? 系統環境

兩節點的RAC：AIX6.1+Oracle 11.2.0.3.3

? AWR裡展示出來的各種症狀（資料來自例項2）

雖然應用沒有報障，但AWR報告裡的各種跡象已經很明顯了

(1) gc buffer busy acquire排進了Top 5 Timed Foreground Events

圖-1

(2) 除去DB CPU在gc buffer busy acquire之後的就是gc cr block busy了

圖-2

(3) 2h21bq1mnc5kd這條sql的耗時裡85%的時間都在等待叢集有關的事件，且領先第二條太多了

圖-3

2h21bq1mnc5kd對應的完整SQL是：select t.* from SD.SYS_PARAMETER t where t.PARAM_CLASS in (:1 , :2 )

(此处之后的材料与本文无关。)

text \<open>A Wedderburn--Artin decomposition of R/Rad(R): a surjective unital C-algebra
  homomorphism phi from R onto the product of M_(ns i)(C), i < k, whose kernel is Rad(R)
  (equivalently an isomorphism R/Rad(R) = prod M_(ns i)(C)).  Elements of the product are
  represented as functions nat => complex mat, only the components i < k being relevant.\<close>

definition wedderburn_decomp ::
  "nat \<Rightarrow> complex mat set \<Rightarrow> nat \<Rightarrow> (nat \<Rightarrow> nat) \<Rightarrow> (complex mat \<Rightarrow> nat \<Rightarrow> complex mat) \<Rightarrow> bool" where
  "wedderburn_decomp m R k ns phi \<longleftrightarrow>
     (\<forall>i<k. ns i \<ge> 1)
   \<and> (\<forall>x\<in>R. \<forall>i<k. phi x i \<in> carrier_mat (ns i) (ns i))
   \<and> (\<forall>x\<in>R. \<forall>y\<in>R. \<forall>i<k. phi (x + y) i = phi x i + phi y i)
   \<and> (\<forall>x\<in>R. \<forall>c. \<forall>i<k. phi (c \<cdot>\<^sub>m x) i = c \<cdot>\<^sub>m phi x i)
   \<and> (\<forall>x\<in>R. \<forall>y\<in>R. \<forall>i<k. phi (x * y) i = phi x i * phi y i)
   \<and> (\<forall>i<k. phi (1\<^sub>m m) i = 1\<^sub>m (ns i))
   \<and> (\<forall>f. (\<forall>i<k. f i \<in> carrier_mat (ns i) (ns i)) \<longrightarrow> (\<exists>x\<in>R. \<forall>i<k. phi x i = f i))
   \<and> (\<forall>x\<in>R. (\<forall>i<k. phi x i = 0\<^sub>m (ns i) (ns i)) \<longleftrightarrow> x \<in> jacobson_radical R)"

text \<open>theta_i(z) = phi(rho z) i; support of a word.\<close>

definition supp ::
  "nat \<Rightarrow> (nat \<Rightarrow> 'a \<Rightarrow> nat) \<Rightarrow> nat \<Rightarrow> (nat \<Rightarrow> nat) \<Rightarrow> (complex mat \<Rightarrow> nat \<Rightarrow> complex mat)
     \<Rightarrow> 'a list \<Rightarrow> nat set" where
  "supp n d k ns phi z = {i. i < k \<and> phi (rho n d z) i \<noteq> 0\<^sub>m (ns i) (ns i)}"

definition contains_factor :: "'a list \<Rightarrow> 'a list \<Rightarrow> bool" where
  "contains_factor v u \<longleftrightarrow> (\<exists>x y. u = x @ v @ y)"

definition v_minimal ::
  "nat \<Rightarrow> (nat \<Rightarrow> 'a \<Rightarrow> nat) \<Rightarrow> nat \<Rightarrow> (nat \<Rightarrow> nat) \<Rightarrow> (complex mat \<Rightarrow> nat \<Rightarrow> complex mat)
     \<Rightarrow> 'a list \<Rightarrow> 'a list \<Rightarrow> bool" where
  "v_minimal n d k ns phi v u \<longleftrightarrow>
     contains_factor v u \<and> supp n d k ns phi u \<noteq> {}
   \<and> \<not> (\<exists>z. contains_factor v z \<and> supp n d k ns phi z \<noteq> {}
            \<and> supp n d k ns phi z \<subset> supp n d k ns phi u)"

end

theory Submission
  imports Defs
begin

text \<open>If some component \<open>i\<close> lay in both supports, then, the component being a full matrix
  algebra (hence a prime ring) and the images of words spanning it, some word \<open>w\<close> would give
  \<open>\<theta>\<^sub>i(u\<^sub>1 w u\<^sub>2) \<noteq> 0\<close>. Since \<open>\<theta>\<close> is multiplicative, the support of \<open>z = u\<^sub>1 w u\<^sub>2\<close> is a nonempty
  subset of both supports, and \<open>z\<close> contains both \<open>v\<^sub>1\<close> and \<open>v\<^sub>2\<close> as factors, so minimality forces
  \<open>supp(u\<^sub>1) = supp(z) = supp(u\<^sub>2)\<close>.\<close>

lemma ext_delta_append: "ext_delta d q (u @ w) = ext_delta d (ext_delta d q u) w"
  by (induct u arbitrary: q) auto

lemma ext_delta_less: "is_automaton n d \<Longrightarrow> q < n \<Longrightarrow> ext_delta d q u < n"
  by (induct u arbitrary: q) (auto simp: is_automaton_def)

lemma sum_indicator_upto_last:
  fixes f :: "nat \<Rightarrow> complex"
  assumes "p < n" "f (n - 1) = 0"
  shows "(\<Sum>j\<in>{0..<n-1}. (if p = j then 1 else 0) * f j) = f p"
proof (cases "p < n - 1")
  case True
  have "(\<Sum>j\<in>{0..<n-1}. (if p = j then 1 else 0) * f j) = (\<Sum>j\<in>{0..<n-1}. if p = j then f j else 0)"
    by (intro sum.cong) auto
  with True show ?thesis by (simp add: sum.delta)
next
  case False
  with assms have "p = n - 1" by simp
  with assms show ?thesis by simp
qed

lemma rho_append:
  assumes "is_automaton n d"
  shows "rho n d (u @ w) = rho n d u * rho n d w"
proof (rule eq_matI)
  fix i j assume ij: "i < dim_row (rho n d u * rho n d w)" "j < dim_col (rho n d u * rho n d w)"
  define f where "f q = (if ext_delta d q w = j then 1 else 0)
    - (if ext_delta d (n - 1) w = j then 1 else 0 :: complex)" for q
  have f_last: "f (n - 1) = 0" by (simp add: f_def)
  have targets: "ext_delta d i u < n" "ext_delta d (n - 1) u < n"
    using ij assms ext_delta_less[OF assms] by (auto simp: rho_def is_automaton_def)
  have "(rho n d u * rho n d w) $$ (i, j)
      = (\<Sum>l\<in>{0..<n-1}. ((if ext_delta d i u = l then 1 else 0)
          - (if ext_delta d (n - 1) u = l then 1 else 0)) * f l)"
    using ij by (simp add: rho_def scalar_prod_def f_def)
  also have "\<dots> = (\<Sum>l\<in>{0..<n-1}. (if ext_delta d i u = l then 1 else 0) * f l)
      - (\<Sum>l\<in>{0..<n-1}. (if ext_delta d (n - 1) u = l then 1 else 0) * f l)"
    by (simp add: left_diff_distrib sum_subtractf)
  also have "\<dots> = f (ext_delta d i u) - f (ext_delta d (n - 1) u)"
    using sum_indicator_upto_last[of _ n f, OF targets(1) f_last]
      sum_indicator_upto_last[of _ n f, OF targets(2) f_last]
    by simp
  also have "\<dots> = rho n d (u @ w) $$ (i, j)"
    using ij by (simp add: rho_def f_def ext_delta_append)
  finally show "rho n d (u @ w) $$ (i, j) = (rho n d u * rho n d w) $$ (i, j)" ..
qed (auto simp: rho_def)

lemma rho_in_rep_alg: "rho n d w \<in> rep_alg n d"
  unfolding rep_alg_def by (rule gen_alg.gen) simp

lemma wedderburn_decomp_carrier:
  "wedderburn_decomp m R k ns phi \<Longrightarrow> x \<in> R \<Longrightarrow> i < k \<Longrightarrow> phi x i \<in> carrier_mat (ns i) (ns i)"
  unfolding wedderburn_decomp_def by blast

lemma wedderburn_decomp_add:
  "wedderburn_decomp m R k ns phi \<Longrightarrow> x \<in> R \<Longrightarrow> y \<in> R \<Longrightarrow> i < k
    \<Longrightarrow> phi (x + y) i = phi x i + phi y i"
  unfolding wedderburn_decomp_def by blast

lemma wedderburn_decomp_smult:
  "wedderburn_decomp m R k ns phi \<Longrightarrow> x \<in> R \<Longrightarrow> i < k \<Longrightarrow> phi (c \<cdot>\<^sub>m x) i = c \<cdot>\<^sub>m phi x i"
  unfolding wedderburn_decomp_def by blast

lemma wedderburn_decomp_mult:
  "wedderburn_decomp m R k ns phi \<Longrightarrow> x \<in> R \<Longrightarrow> y \<in> R \<Longrightarrow> i < k
    \<Longrightarrow> phi (x * y) i = phi x i * phi y i"
  unfolding wedderburn_decomp_def by blast

lemma wedderburn_decomp_surj:
  "wedderburn_decomp m R k ns phi \<Longrightarrow> \<forall>i<k. f i \<in> carrier_mat (ns i) (ns i)
    \<Longrightarrow> \<exists>x\<in>R. \<forall>i<k. phi x i = f i"
  unfolding wedderburn_decomp_def by blast

lemma wedderburn_decomp_component_onto:
  assumes "wedderburn_decomp m R k ns phi" "i < k" "E \<in> carrier_mat (ns i) (ns i)"
  obtains x where "x \<in> R" "phi x i = E"
proof -
  have "\<forall>j<k. (\<lambda>j. if j = i then E else 0\<^sub>m (ns j) (ns j)) j \<in> carrier_mat (ns j) (ns j)"
    using assms(3) by simp
  from wedderburn_decomp_surj[OF assms(1) this] show ?thesis
    using assms(2) that by fastforce
qed
lemma ad_chain_graded:
  assumes "s \<in> S" and "\<And>k. k \<in> set ks \<Longrightarrow> W k \<in> lower_central A S k"
  shows "ad_chain W ks (A s) \<in> lower_central A S (sum_list ks + 1)"
  using assms(2)
proof (induction ks)
  case Nil
  then show ?case using value_in_lower_central[OF assms(1)] by simp
next
  case (Cons k ks)
  then show ?case
    using ad_lower_central[OF Cons.prems[of k] Cons.IH] by (simp add: add.assoc)
qed

lemma magnus_in_lower_central:
  assumes "k \<ge> 1" and "{0..t} \<subseteq> S"
  shows "magnus A k t \<in> lower_central A S k"
  using assms
proof (induction k arbitrary: t rule: less_induct)
  case (less k)
  show ?case
  proof (cases "k = 1")
    case True
    then show ?thesis
      using less.prems(2) value_in_lower_central
      by (auto simp: magnus_one intro!: integral_in_subspace[OF subspace_lower_central])
  next
    case False
    have "ad_chain (\<lambda>i. magnus A i s) ks (A s) \<in> lower_central A S k"
      if ks: "ks \<in> compositions j (k - 1)" and s: "s \<in> {0..t}" for j ks s
    proof -
      have "{0..s} \<subseteq> S" using s less.prems(2) by auto
      then have "magnus A i s \<in> lower_central A S i" if "i \<in> set ks" for i
        using less.IH compositions_parts[OF ks that] False less.prems(1) by auto
      moreover have "sum_list ks + 1 = k"
        using ks less.prems(1) by (auto simp: compositions_def)
      ultimately show ?thesis
        using ad_chain_graded[where W = "\<lambda>i. magnus A i s"] s less.prems(2) by auto
    qed
    then show ?thesis
      using False less.prems(1)
      by (auto simp: magnus_recursion intro!: subspace_sum[OF subspace_lower_central]
          subspace_scale[OF subspace_lower_central] integral_in_subspace[OF subspace_lower_central])
  qed
qed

且從語句的執行頻次來看1小時內(AWR的取樣間隔是1小時)執行了260790次，約合72次/秒，併發度還是非常高的

(4) % of Capture=89.46表示在系統裡每發生100次的gc buffer busy等待就有89次來自於物件SD.SYS_PARAMETER，該值同樣遙遙領先第二條

圖-4

(5) CR Blocks Received的比例達到了43%，為實現一致性讀，SD.SYS_PARAMETER表上存在大量的跨節點傳輸

圖-5

(6) 最後看下從v$active_session_history獲取的2h21bq1mnc5kd這條sql的gc事件，每秒鐘都有等待產生，爭用的焦點在93號資料檔案的65696號block上

select to_char(sample_time,'yyyymmdd hh24:mi:ss'),event,p1,p2,count(1) from gv$active_session_history where sql_id='2h21bq1mnc5kd' and event in ('gc cr block busy','gc buffer busy acquire') and inst_id=2 group by to_char(sample_time,'yyyymmdd hh24:mi:ss'),event,p1,p2;

圖-5-1

雖然應用沒有變慢，但上述種種跡象已經引起了我的關注，做運維不就是要防患於未然麼。根據AWR取樣到的結果，初步結論如下：

gc buffer busy acquire、gc cr block busy這兩個gc wait event與select t.* from SD.SYS_PARAMETER t where t.PARAM_CLASS in (:1 , :2 )這條SQL有較大關係，該條SQL執行時存在大量的跨節點讀，以實現一致性讀。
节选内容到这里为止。